Feature

Passionate Pursuits: The Love Language of Food

Medical school student and chef Avi Kohanzadeh at work in the kitchen of his Einstein campus apartment. (Photo by Bernie Restrepo)

The Love Language of Food

By Wayne Coffey

It’s a Friday afternoon in the Bronx, and Einstein student Avraham (Avi) Kohanzadeh is unwinding after a long week. In the kitchen of the apartment he shares with his wife, Dafna, a third-year medical student at New York Medical College. Mr. Kohanzadeh is poised over his favorite oak cutting board, wielding a knife with the skill of, well, a surgeon, as he prepares ghormeh sabzi, a traditional Persian meat stew that includes beef short rib, fresh herbs, kidney beans, and dried limes.

“Cooking is a reward to myself after a busy week,” Mr. Kohanzadeh says. “I just let my hands go. It’s very soothing and relaxing. I get lost in the process.”

Second-Generation Chef

Mr. Kohanzadeh, 25, has been immersed since childhood in a passion for cooking. A native of the small city of Hamilton in Ontario, Canada, he grew up watching his father, Yosef, a professional chef, make gourmet Persian dishes. Some of Mr. Kohanzadeh’s fondest memories are of coming home from school on Fridays to find his mother, Janet, assisting his father in the kitchen, preparing food for family and friends, the house rich with pungent, enticing aromas.

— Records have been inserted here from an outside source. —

lemma gamma_cover_zero_sets_Gamma_f:
  assumes \<Z>: "gamma_cover X \<Z>"
    and h: "\<And>Z. Z \<in> \<Z> \<Longrightarrow> h Z \<in> Cfun X" "\<And>Z. Z \<in> \<Z> \<Longrightarrow> {x \<in> topspace X. h Z x = 0} = Z"
  shows "h ` \<Z> \<in> Gamma_f X (\<lambda>x. 0)"
  unfolding Gamma_f_def
proof (intro CollectI conjI allI impI)
  have "inj_on h \<Z>"
    by (rule inj_onI) (metis h(2))
  then show "infinite (h ` \<Z>)"
    using \<Z> by (simp add: gamma_cover_def finite_image_iff)
  show "h ` \<Z> \<subseteq> Cfun X"
    using h(1) by blast
  show "(\<lambda>x. 0) \<notin> h ` \<Z>"
  proof
    assume "(\<lambda>x. 0) \<in> h ` \<Z>"
    then obtain Z where Z: "(\<lambda>x. 0) = h Z" "Z \<in> \<Z>"
      by (rule imageE)
    then have "topspace X = Z"
      using h(2)[OF Z(2)] Z(1)[symmetric] by simp
    with Z(2) have "topspace X \<in> \<Z>" by simp
    with \<Z> show False
      by (simp add: gamma_cover_def is_cover_def)
  qed
  fix K and \<epsilon> :: real
  assume K: "finite K \<and> K \<subseteq> topspace X \<and> \<epsilon> > 0"
  show "finite (h ` \<Z> - cp_nbhd X (\<lambda>x. 0) K \<epsilon>)"
  proof (rule finite_subset)
    show "h ` \<Z> - cp_nbhd X (\<lambda>x. 0) K \<epsilon> \<subseteq> h ` (\<Union>x\<in>K. {Z \<in> \<Z>. x \<notin> Z})"
    proof
      fix g assume g: "g \<in> h ` \<Z> - cp_nbhd X (\<lambda>x. 0) K \<epsilon>"
      then obtain Z where Z: "g = h Z" "Z \<in> \<Z>"
        by (blast elim: imageE)
      then obtain x where x: "x \<in> K" "\<not> \<bar>g x - 0\<bar> < \<epsilon>"
        using g h(1) unfolding cp_nbhd_def by blast
      have "x \<notin> Z"
      proof
        assume "x \<in> Z"
        then have "g x = 0" using h(2)[OF Z(2)] Z(1) by blast
        with x(2) K show False by simp
      qed
      with x Z show "g \<in> h ` (\<Union>x\<in>K. {Z \<in> \<Z>. x \<notin> Z})" by blast
    qed
    show "finite (h ` (\<Union>x\<in>K. {Z \<in> \<Z>. x \<notin> Z}))"
      using K \<Z> unfolding gamma_cover_def by (intro finite_imageI finite_UN_I) auto
  qed
qed
lemma Gamma_F_separating_functions:
  assumes "\<U> \<in> Gamma_F X"
  obtains S sel where "S \<in> Gamma_f X (\<lambda>x. 0)" "\<And>g. g \<in> S \<Longrightarrow> sel g \<in> \<U>"
    and "\<And>g x. g \<in> S \<Longrightarrow> x \<in> topspace X \<Longrightarrow> \<bar>g x\<bar> < 1 \<Longrightarrow> x \<in> sel g"
proof -
  obtain Z where Z_sub: "\<And>U. U \<in> \<U> \<Longrightarrow> zero_set X (Z U) \<and> Z U \<subseteq> U"
    and Z_cover: "gamma_cover X (Z ` \<U>)"
    using assms unfolding Gamma_F_def by blast
  define rep where "rep V = inv_into \<U> Z V" for V
  have rep: "rep V \<in> \<U>" "Z (rep V) = V" if "V \<in> Z ` \<U>" for V
    using that unfolding rep_def by (simp_all add: inv_into_into f_inv_into_f)
  have "\<forall>V\<in>Z ` \<U>. \<exists>h\<in>Cfun X. {x \<in> topspace X. h x = 0} = V \<and> (\<forall>x\<in>topspace X - rep V. h x = 1)"
  proof
    fix V assume V: "V \<in> Z ` \<U>"
    have "cozero_set X (rep V)"
      using assms rep(1)[OF V] by (simp add: Gamma_F_def)
    moreover have "zero_set X V" "V \<subseteq> rep V"
      using Z_sub[OF rep(1)[OF V]] rep(2)[OF V] by simp_all
    ultimately show "\<exists>h\<in>Cfun X. {x \<in> topspace X. h x = 0} = V \<and> (\<forall>x\<in>topspace X - rep V. h x = 1)"
      by (rule zero_set_separating_function)
  qed
  then obtain h where h: "\<And>V. V \<in> Z ` \<U> \<Longrightarrow> h V \<in> Cfun X"
      "\<And>V. V \<in> Z ` \<U> \<Longrightarrow> {x \<in> topspace X. h V x = 0} = V"
      "\<And>V x. V \<in> Z ` \<U> \<Longrightarrow> x \<in> topspace X - rep V \<Longrightarrow> h V x = 1"
    by metis
  define sel where "sel g = rep (inv_into (Z ` \<U>) h g)" for g
  have inv: "inv_into (Z ` \<U>) h g \<in> Z ` \<U>" "h (inv_into (Z ` \<U>) h g) = g"
    if "g \<in> h ` Z ` \<U>" for g
    using that by (simp_all add: inv_into_into f_inv_into_f)
  show ?thesis
  proof (rule that)
    show "h ` Z ` \<U> \<in> Gamma_f X (\<lambda>x. 0)"
      by (rule gamma_cover_zero_sets_Gamma_f[OF Z_cover h(1,2)])
    show "sel g \<in> \<U>" if "g \<in> h ` Z ` \<U>" for g
      unfolding sel_def by (rule rep(1)[OF inv(1)[OF that]])
    show "x \<in> sel g" if "g \<in> h ` Z ` \<U>" "x \<in> topspace X" "\<bar>g x\<bar> < 1" for g x
    proof (rule ccontr)
      assume "x \<notin> sel g"
      then have "h (inv_into (Z ` \<U>) h g) x = 1"
        using h(3)[OF inv(1)[OF that(1)]] that(2) unfolding sel_def by blast
      with inv(2)[OF that(1)] that(3) show False by simp
    qed
  qed
qed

“There are certain smells that still take me back to when I was 5 years old,” Mr. Kohanzadeh says. “Food was my parents’ love language—the centerpiece of so many family, community, and religious gatherings. Food brings people together. I learned a lot just being around all of that.”

The second-year medical student’s Persian Jewish parents were born in Iran and endured the violence and hardships that were part of everyday life after the 1979 Iranian Revolution. His father, on the way home from work, would see people hanged for being the “wrong” sexual orientation or religion. Mr. Kohanzadeh’s parents fled Iran and ultimately emigrated to Canada, where they had relatives and where Mr. Kohanzadeh was born. The family moved to California in 2016.

A Culinary Artist

Although he enjoyed growing up in Hamilton, Mr. Kohanzadeh says, he yearned to live and study in a big city. He earned a scholarship to Yeshiva University and was off to New York City, where he began to cultivate his own culinary skills, much to the delight of his roommates.

“Avi was the chef of the apartment. Every day we’d wait to see what he was going to cook up next,” says close friend and Einstein third-year medical student Benjamin Wajsberg. “He’s like this wonderfully creative artist when he cooks. He doesn’t follow recipes. He doesn’t measure spices. He is so passionate about it. He’d wake up in the morning and get all excited when he’d tell us what he was going to make.”

Mr. Kohanzadeh, who posts photos of some of his creations on his Instagram account, @Medschool_chef, savors the whole experience of cooking, from shopping for fresh ingredients to sharing his dishes with friends, whether it’s ash reshteh (a traditional Persian soup) or tahdig, a classic pan-fried rice dish infused with saffron and other spices.

An aspiring clinician and surgeon, he sees parallels between the operating room and the kitchen. “When I visit my father [at work] and see how he handles the knife, the way he has an obsession with cleanliness and order, it’s like he is conducting his kitchen staff in a symphony of culinary performance,” Mr. Kohanzadeh says. “A surgeon is like a conductor too, coordinating the efforts of colleagues during an operation.”

Being a medical student is stressful enough. Add in a pandemic that has persisted for more than two years and those stresses become exponentially greater. For Mr. Kohanzadeh, it means Friday and Saturday nights in the kitchen will continue to be a welcome respite.

“Cooking is such a great outlet for me,” he says.

Avi Kohanzadeh’s culinary creations, clockwise from top left: broiled lemon-mango sea bass with mashed potatoes and grilled vegetables; a vegetable-filled pita taco; café latte art; a platter of grilled salmon; and a pepper-olive-tomato-feta pizza.